I found my old login in the database where I keep them all.  I've been busy writing and have made a lot of recent sales.  I'll have to come around more often.  

Btw, I was trying to figure out how to change my home page.  My URL to it that I put in my profile is no longer current.


----------



## aj47 (Aug 29, 2014)

Hello.  After you've made 10 posts, you'll be able to edit your profile as well as access the members-only areas of the site.

Welcome back.


----------



## Pandora (Aug 30, 2014)

Hi Tom glad you returned, looking forward to reading some of your work. Congratulations on the news of your writing success, how wonderful that is!


----------



## Sky (Aug 30, 2014)

Welcome back!!  I'm Sky, I'm new around here.  I'm glad you were able to come back.  Congrats on your writing!!  That is so exciting!!


----------



## J Anfinson (Aug 30, 2014)

Tom_ZC said:


> Btw, I was trying to figure out how to change my home page.  My URL to it that I put in my profile is no longer current.

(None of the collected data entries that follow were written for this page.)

(* Let $S_n(x)=(18n+24)\sin(x)-(9n+27)\sin((n+1)x)+9n\sin((n+2)x)+2\sin(4x)-\sin(5x)$. Let $n=3m$ with $m\geq 7$ an integer, and let $x\in(2\pi/3-1/n,\,2\pi/3)$. Then $$S_n''(x)=-(18n+24)\sin(x)+(9n+27)(n+1)^2\sin((n+1)x)-9n(n+2)^2\sin((n+2)x)-32\sin(4x)+25\sin(5x)>0.$$ *)

theory Defs
  imports "HOL-Analysis.Analysis"
begin

definition S :: "nat \<Rightarrow> real \<Rightarrow> real" where
  "S n x = (18 * real n + 24) * sin x - (9 * real n + 27) * sin ((real n + 1) * x)
           + 9 * real n * sin ((real n + 2) * x) + 2 * sin (4 * x) - sin (5 * x)"

end

theory Submission
  imports Defs
begin

text \<open>
  Put \<open>x = 2\<pi>/3 - t\<close> with \<open>0 < t < 1/n\<close>, and split the two large terms of \<open>S\<^sub>n''\<close> as
  \<open>A sin a - B sin b = B (sin a - sin b) + (A - B) sin a\<close>, where \<open>a = (n+1)x\<close>, \<open>b = (n+2)x\<close>.
  Since \<open>3 | n\<close>, the angle \<open>a\<close> is \<open>2\<pi>/3 - (n+1)t\<close> modulo \<open>2\<pi>\<close>, so \<open>sin a \<ge> 0\<close>, and the
  sum-to-product formula gives \<open>sin a - sin b = 2 cos((2n+3)t/2) sin(x/2)\<close>, which is bounded
  below by a positive constant because \<open>(2n+3)t/2\<close> stays close to \<open>1\<close> and \<open>x/2\<close> close to
  \<open>\<pi>/3\<close>. Hence \<open>S\<^sub>n''(x)\<close> is at least a constant multiple of \<open>B \<approx> 9n\<^sup>3\<close>, which dominates
  the remaining terms, of size \<open>O(n)\<close>.
\<close>

definition S' :: "nat \<Rightarrow> real \<Rightarrow> real" where
  "S' n x = (18 * real n + 24) * cos x - (9 * real n + 27) * (real n + 1) * cos ((real n + 1) * x)
           + 9 * real n * (real n + 2) * cos ((real n + 2) * x) + 8 * cos (4 * x) - 5 * cos (5 * x)"

definition S'' :: "nat \<Rightarrow> real \<Rightarrow> real" where
  "S'' n x = - (18 * real n + 24) * sin x
           + (9 * real n + 27) * (real n + 1)^2 * sin ((real n + 1) * x)
           - 9 * real n * (real n + 2)^2 * sin ((real n + 2) * x)
           - 32 * sin (4 * x) + 25 * sin (5 * x)"

lemma has_real_derivative_S: "(S n has_real_derivative S' n x) (at x)"
  unfolding S_def S'_def by (rule derivative_eq_intros refl | simp)+

lemma has_real_derivative_S': "(S' n has_real_derivative S'' n x) (at x)"
  unfolding S'_def S''_def
  by (rule derivative_eq_intros refl | simp add: power2_eq_square algebra_simps)+

lemma deriv_deriv_S: "deriv (deriv (S n)) = S'' n"
proof -
  have "deriv (S n) = S' n"
    using has_real_derivative_S DERIV_imp_deriv by blast
  then show ?thesis
    using has_real_derivative_S' DERIV_imp_deriv by fastforce
qed

lemma cos_ge_one_minus_square_div_two: "1 - s\<^sup>2 / 2 \<le> cos (s :: real)"
proof -
  have "\<bar>sin (s / 2)\<bar> \<le> \<bar>s / 2\<bar>"
    by (rule abs_sin_x_le_abs_x)
  then have "(sin (s / 2))\<^sup>2 \<le> (s / 2)\<^sup>2"
    by (metis abs_ge_zero power2_abs power_mono)
  then show ?thesis
    using cos_double_sin[of "s / 2"] by (simp add: power_divide)
qed

lemma sin_plus_2pi_nat: "sin (y + 2 * pi * real m) = sin y"
  using sin.plus_of_nat[of y m] by (simp add: mult.commute)

lemma cos_plus_2pi_nat: "cos (y + 2 * pi * real m) = cos y"
  using cos.plus_of_nat[of y m] by (simp add: mult.commute)

lemma sin_Suc_mult_near_2pi_div_3:
  fixes x :: real
  assumes "n = 3 * m"
  shows "sin ((real n + 1) * x) = sin (2 * pi / 3 - (real n + 1) * (2 * pi / 3 - x))"
proof -
  have "(real n + 1) * x = (2 * pi / 3 - (real n + 1) * (2 * pi / 3 - x)) + 2 * pi * real m"
    using assms by (simp add: algebra_simps)
  then show ?thesis
    by (simp add: sin_plus_2pi_nat)
qed

lemma sin_diff_sin_near_2pi_div_3:
  fixes x :: real
  assumes "n = 3 * m"
  shows "sin ((real n + 1) * x) - sin ((real n + 2) * x)
           = 2 * cos ((2 * real n + 3) * (2 * pi / 3 - x) / 2) * sin (x / 2)"
proof -
  let ?s = "(2 * real n + 3) * (2 * pi / 3 - x) / 2"
  have mean: "((real n + 1) * x + (real n + 2) * x) / 2 = (pi - ?s) + 2 * pi * real m"
    using assms by (simp add: field_simps)
  have "cos (((real n + 1) * x + (real n + 2) * x) / 2) = - cos ?s"
    unfolding mean cos_plus_2pi_nat by simp
  moreover have "((real n + 1) * x - (real n + 2) * x) / 2 = - (x / 2)"
    by (simp add: algebra_simps)
  ultimately show ?thesis
    by (simp add: sin_diff_sin)
qed

lemma near_2pi_div_3_bounds:
  fixes x :: real
  assumes "21 \<le> n" and "2 * pi / 3 - 1 / real n < x" and "x < 2 * pi / 3"
  shows "0 < 2 * pi / 3 - x" and "real n * (2 * pi / 3 - x) < 1" and "2 * pi / 3 - x < 1 / 21"
proof -
  have "real n \<ge> 21"
    using assms(1) by simp
  moreover have "2 * pi / 3 - x < 1 / real n"
    using assms(2) by simp
  ultimately show "real n * (2 * pi / 3 - x) < 1"
    by (simp add: field_simps)
  have "1 / real n \<le> 1 / 21"
    using \<open>real n \<ge> 21\<close> by (simp add: frac_le)
  with \<open>2 * pi / 3 - x < 1 / real n\<close> show "2 * pi / 3 - x < 1 / 21"
    by linarith
  show "0 < 2 * pi / 3 - x"
    using assms(3) by simp
qed

lemma sin_Suc_mult_nonneg_near_2pi_div_3:
  fixes x :: real
  assumes "n = 3 * m" and "21 \<le> n" and "2 * pi / 3 - 1 / real n < x" and "x < 2 * pi / 3"
  shows "0 \<le> sin ((real n + 1) * x)"
proof -
  define t where "t = 2 * pi / 3 - x"
  have t: "0 < t" "real n * t < 1" "t < 1 / 21"
    using near_2pi_div_3_bounds[OF assms(2-4)] unfolding t_def by simp_all
  have "(real n + 1) * t < 2 * pi / 3"
    using t pi_gt3 by (simp add: algebra_simps)
  moreover have "0 < (real n + 1) * t"
    using t by simp
  ultimately have "0 \<le> sin (2 * pi / 3 - (real n + 1) * t)"
    using pi_gt_zero by (intro sin_ge_zero) linarith+
  then show ?thesis
    using sin_Suc_mult_near_2pi_div_3[OF assms(1)] unfolding t_def by simp
qed

lemma sin_diff_sin_ge_near_2pi_div_3:
  fixes x :: real
  assumes "n = 3 * m" and "21 \<le> n" and "2 * pi / 3 - 1 / real n < x" and "x < 2 * pi / 3"
  shows "39 / 100 \<le> sin ((real n + 1) * x) - sin ((real n + 2) * x)"
proof -
  define t where "t = 2 * pi / 3 - x"
  define s where "s = (2 * real n + 3) * t / 2"
  have t: "0 < t" "real n * t < 1" "t < 1 / 21"
    using near_2pi_div_3_bounds[OF assms(2-4)] unfolding t_def by simp_all
  have "0 \<le> s" and "s \<le> 11 / 10"
    using t unfolding s_def by (simp_all add: algebra_simps)
  then have "s\<^sup>2 \<le> (11 / 10)\<^sup>2"
    by (auto intro: power_mono)
  then have cos_s: "39 / 100 \<le> cos s"
    using cos_ge_one_minus_square_div_two[of s] by (simp add: power2_eq_square)
  have "pi / 6 \<le> x / 2" and "x / 2 \<le> pi / 2"
    using t pi_gt3 unfolding t_def by (simp_all add: field_simps)
  then have "sin (pi / 6) \<le> sin (x / 2)"
    by (subst sin_mono_le_eq) simp_all
  then have sin_half: "1 / 2 \<le> sin (x / 2)"
    by (simp add: sin_30)
  have "2 * (39 / 100) * (1 / 2) \<le> 2 * cos s * sin (x / 2)"
    using cos_s sin_half by (intro mult_mono) simp_all
  then show ?thesis
    using sin_diff_sin_near_2pi_div_3[OF assms(1), of x] unfolding s_def t_def by simp
qed

lemma S''_pos_of_sin_bounds:
  fixes x :: real
  assumes "21 \<le> n" and sin_nonneg: "0 \<le> sin ((real n + 1) * x)"
    and sin_diff: "39 / 100 \<le> sin ((real n + 1) * x) - sin ((real n + 2) * x)"
  shows "0 < S'' n x"
proof -
  define A where "A = (9 * real n + 27) * (real n + 1)^2"
  define B where "B = 9 * real n * (real n + 2)^2"
  have n: "real n \<ge> 21"
    using assms(1) by simp
  have "B \<ge> 9 * real n * 23\<^sup>2"
    unfolding B_def using n by (intro mult_left_mono power_mono) simp_all
  moreover have "(A - B) * sin ((real n + 1) * x) \<ge> 0"
    unfolding A_def B_def using n sin_nonneg by (simp add: power2_eq_square algebra_simps)
  moreover have "B * (sin ((real n + 1) * x) - sin ((real n + 2) * x)) \<ge> B * (39 / 100)"
    unfolding B_def using sin_diff by (intro mult_left_mono) simp_all
  moreover have "- (18 * real n + 24) * sin x \<ge> - (18 * real n + 24)"
    using n sin_le_one[of x] by (simp add: mult_left_le)
  moreover have "- 32 * sin (4 * x) + 25 * sin (5 * x) \<ge> - 57"
    using sin_le_one[of "4 * x"] sin_ge_minus_one[of "5 * x"] by linarith
  ultimately show ?thesis
    unfolding S''_def A_def[symmetric] B_def[symmetric] using n by (simp add: algebra_simps)
qed

theorem lemma6:
  fixes m n :: nat and x :: real
  assumes "n = 3 * m" and "m \<ge> 7"
    and "2 * pi / 3 - 1 / real n < x" and "x < 2 * pi / 3"
  shows "deriv (deriv (S n)) x =
           - (18 * real n + 24) * sin x
           + (9 * real n + 27) * (real n + 1)^2 * sin ((real n + 1) * x)
           - 9 * real n * (real n + 2)^2 * sin ((real n + 2) * x)
           - 32 * sin (4 * x) + 25 * sin (5 * x)
       \<and> deriv (deriv (S n)) x > 0"
proof -
  have n: "21 \<le> n"
    using assms(1,2) by simp
  have "0 < S'' n x"
    using S''_pos_of_sin_bounds[OF n]
      sin_Suc_mult_nonneg_near_2pi_div_3[OF assms(1) n assms(3,4)]
      sin_diff_sin_ge_near_2pi_div_3[OF assms(1) n assms(3,4)] .
  then show ?thesis
    unfolding deriv_deriv_S S''_def by simp
qed

end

At the top right of the page, click "settings" and scroll down slightly until you see "edit profile" on the far left. The option to change the url for your homepage is there.


----------



## Nickleby (Sep 2, 2014)

Congratulations on making some sales! If you have any tips on placing a piece, we'd love to hear about it.

Welcome back to Writing Forums. Things have changed, so if you have questions, contact a staff member.


----------